DATA EXCERPTS |
————————
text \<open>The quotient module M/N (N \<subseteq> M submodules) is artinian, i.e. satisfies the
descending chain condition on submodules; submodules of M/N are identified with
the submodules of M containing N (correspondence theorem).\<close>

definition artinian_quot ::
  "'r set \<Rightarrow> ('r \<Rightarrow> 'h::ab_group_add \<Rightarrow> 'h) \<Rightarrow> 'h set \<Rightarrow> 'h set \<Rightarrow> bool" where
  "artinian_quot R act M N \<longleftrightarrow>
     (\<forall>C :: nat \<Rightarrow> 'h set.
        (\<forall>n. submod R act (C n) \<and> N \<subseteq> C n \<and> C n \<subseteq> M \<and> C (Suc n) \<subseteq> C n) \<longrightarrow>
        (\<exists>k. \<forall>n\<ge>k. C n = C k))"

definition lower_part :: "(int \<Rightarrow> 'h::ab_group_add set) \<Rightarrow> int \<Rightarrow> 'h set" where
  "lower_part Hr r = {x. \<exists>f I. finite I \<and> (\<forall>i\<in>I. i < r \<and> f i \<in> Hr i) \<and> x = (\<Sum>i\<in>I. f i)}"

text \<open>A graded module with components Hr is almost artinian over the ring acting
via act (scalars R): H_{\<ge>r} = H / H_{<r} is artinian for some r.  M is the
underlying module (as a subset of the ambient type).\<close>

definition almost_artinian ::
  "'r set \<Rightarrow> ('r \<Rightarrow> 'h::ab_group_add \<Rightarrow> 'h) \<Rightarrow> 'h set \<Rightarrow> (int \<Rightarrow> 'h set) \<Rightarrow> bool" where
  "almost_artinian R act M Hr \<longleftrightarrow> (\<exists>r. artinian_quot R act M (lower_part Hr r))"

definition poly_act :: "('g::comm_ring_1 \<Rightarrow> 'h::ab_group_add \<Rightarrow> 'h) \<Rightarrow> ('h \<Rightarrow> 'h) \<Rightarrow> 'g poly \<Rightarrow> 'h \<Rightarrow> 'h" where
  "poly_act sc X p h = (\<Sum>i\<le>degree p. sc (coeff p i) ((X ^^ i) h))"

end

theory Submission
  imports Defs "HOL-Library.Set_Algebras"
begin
————————
Out of the data above, give again only the lines starting at the one holding "M N \<longleftrightarrow>" and ending at the one holding "text \<open>A graded", unchanged.

ANSWER SPACE |
  "artinian_quot R act M N \<longleftrightarrow>
     (\<forall>C :: nat \<Rightarrow> 'h set.
        (\<forall>n. submod R act (C n) \<and> N \<subseteq> C n \<and> C n \<subseteq> M \<and> C (Suc n) \<subseteq> C n) \<longrightarrow>
        (\<exists>k. \<forall>n\<ge>k. C n = C k))"

definition lower_part :: "(int \<Rightarrow> 'h::ab_group_add set) \<Rightarrow> int \<Rightarrow> 'h set" where
  "lower_part Hr r = {x. \<exists>f I. finite I \<and> (\<forall>i\<in>I. i < r \<and> f i \<in> Hr i) \<and> x = (\<Sum>i\<in>I. f i)}"

text \<open>A graded module with components Hr is almost artinian over the ring acting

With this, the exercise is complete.